Murder in Mesopotamia is a good book with a creative mystery plot, but readers need to view it as an artifact of a specific time in history when looking at cultural references. Nurse Leatheran makes many negative comments about the native Iraqis, such as assuming Mrs. Leidner’s fears might be from spending too much time alone with the natives and when she describes one man as “very dark, a dirty dark yellow color.” It is important to keep in mind that the views of a book’s narrator do not necessarily reflect the views of the author. I have so far not been able to locate any indication whether Christie shared the views of Nurse Leatheran or whether she used the narrator to expose the insularity and xenophobia of the British traveling abroad.

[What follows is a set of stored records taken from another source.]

lemma contract_in_link_preimage:
  assumes t: "t \<in> {0..1}" and p: "p \<in> link_preimage"
  shows "contract t p \<in> link_preimage"
proof -
  obtain p' where p': "p' \<in> link_cell" "q212 p = q212 p'"
    using p by (auto simp: link_preimage_def link_Mpl212_eq)
  then obtain \<sigma> where \<sigma>: "\<sigma> \<in> G212" "p = perm_act \<sigma> p'"
    using q212_eq_imp_perm_act by blast
  have "contract t p' \<in> link_cell"
    using t p'(1) by (rule contract_in_link_cell)
  moreover have "contract t p = perm_act \<sigma> (contract t p')"
    using \<sigma>(2) by (simp add: perm_act_contract)
  ultimately show ?thesis
    using \<sigma>(1) by (auto simp: link_preimage_def link_Mpl212_eq link_cell_def
        q212_perm_act perm_act_in_X1)
qed

lemma quotient_map_q212_link:
  "quotient_map (top_of_set link_preimage) (subtopology M212 link_Mpl212) q212"
proof -
  have "link_Mpl212 \<subseteq> topspace M212"
    by (auto simp: topspace_M212 link_Mpl212_def)
  then have "quotient_map (subtopology (top_of_set X1) {p \<in> X1. q212 p \<in> link_Mpl212})
      (subtopology M212 link_Mpl212) q212"
    using quotient_map_restriction_open_map[OF _ open_map_q212]
      quotient_map_quot_topology[of "top_of_set X1" q212]
    by (simp add: M212_def)
  then show ?thesis
    by (simp add: subtopology_subtopology link_preimage_def Collect_conj_eq)
qed

lemma continuous_map_contract:
  "continuous_map (prod_topology (top_of_set {0..1}) (top_of_set link_preimage))
     (top_of_set link_preimage) (\<lambda>(t, p). contract t p)"
proof -
  have "continuous_on ({0..1} \<times> link_preimage) (\<lambda>(t, p). contract t p)"
    unfolding contract_def case_prod_beta' by (intro continuous_intros)
  then show ?thesis
    using contract_in_link_preimage by auto
qed

lemma continuous_map_contract_orbits:
  "continuous_map (prod_topology (top_of_set {0..1}) (subtopology M212 link_Mpl212))
     (subtopology M212 link_Mpl212) (\<lambda>(t, A). contract t ` A)"
proof (rule continuous_map_prod_quotient_map[OF _ _ quotient_map_q212_link])
  show "locally_compact_space (top_of_set {0..1::real})"
    by (simp add: compact_imp_locally_compact_space compact_space_subtopology)
  show "Hausdorff_space (top_of_set {0..1::real})"
    by (simp add: Hausdorff_space_subtopology)
  have "(\<lambda>(t, p). contract t ` q212 p) = q212 \<circ> (\<lambda>(t, p). contract t p)"
    by (auto simp: contract_image_q212)
  then show "continuous_map (prod_topology (top_of_set {0..1}) (top_of_set link_preimage))
      (subtopology M212 link_Mpl212) (\<lambda>(t, p). (\<lambda>(t, A). contract t ` A) (t, q212 p))"
    using continuous_map_compose[OF continuous_map_contract
        quotient_imp_continuous_map[OF quotient_map_q212_link]] by simp
qed

theorem mainTheorem6:
  shows "contractible_space (subtopology M212 link_Mpl212)"
proof -
  let ?L = "subtopology M212 link_Mpl212"
  have "homotopic_with (\<lambda>x. True) ?L ?L id (\<lambda>A. q212 barycentre)"
    unfolding homotopic_with[OF refl]
  proof (intro exI conjI ballI)
    show "continuous_map (prod_topology (top_of_set {0..1}) ?L) ?L (\<lambda>(t, A). contract t ` A)"
      by (rule continuous_map_contract_orbits)
    fix A assume "A \<in> topspace ?L"
    then obtain p where "A = q212 p"
      by (auto simp: link_Mpl212_def)
    then show "(\<lambda>(t, A). contract t ` A) (1, A) = q212 barycentre"
      by (simp only: case_prod_conv contract_image_q212 contract_1)
  qed simp_all
  then show ?thesis
    unfolding contractible_space_def by blast
qed

end
lemma contains_subdivision_mono:
  "contains_subdivision V A VF AF \<Longrightarrow> V \<subseteq> V' \<Longrightarrow> A \<subseteq> A' \<Longrightarrow> contains_subdivision V' A' VF AF"
  unfolding contains_subdivision_iff_model by (meson subdivision_model_mono)

fun subdivide_arc :: "'a \<Rightarrow> 'a \<Rightarrow> 'a \<Rightarrow> 'a list \<Rightarrow> 'a list" where
  "subdivide_arc u v w (a # b # r) =
     (if a = u \<and> b = w then a # v # b # r else a # subdivide_arc u v w (b # r))"
| "subdivide_arc u v w r = r"

lemma set_subdivide_arc:
  "set (subdivide_arc u v w p) = set p \<union> (if sublist [u, w] p then {v} else {})"
  by (induction u v w p rule: subdivide_arc.induct) (auto simp: sublist_Cons_right)

lemma subdivide_arc_Cons_neq_Nil: "subdivide_arc u v w (a # p) \<noteq> []"
  by (cases p) auto

lemma hd_subdivide_arc: "p \<noteq> [] \<Longrightarrow> hd (subdivide_arc u v w p) = hd p"
  by (induction u v w p rule: subdivide_arc.induct) auto

lemma last_subdivide_arc: "last (subdivide_arc u v w p) = last p"
proof (induction u v w p rule: subdivide_arc.induct)
  case (1 u v w a b r)
  then show ?case using subdivide_arc_Cons_neq_Nil[of u v w b r] by auto
qed auto

lemma length_subdivide_arc: "length p \<le> length (subdivide_arc u v w p)"
  by (induction u v w p rule: subdivide_arc.induct) auto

Anna Massey performs the audio version of this Poirot book. Being used to hearing Poirot read by men, I took some time to get used to hearing him as read by a woman. But since the book itself has a female narrator, it would not make sense for a man to read it. However, I just didn’t connect very well with Massey’s voicing of this book. I don’t know whether another choice of women would suit it better.
This is not a book that I would recommend as someone’s first exposure to Agatha Christie’s writing or to Hercule Poirot, but if someone has already read a couple of the better books, that person would certainly enjoy this. I give it four stars.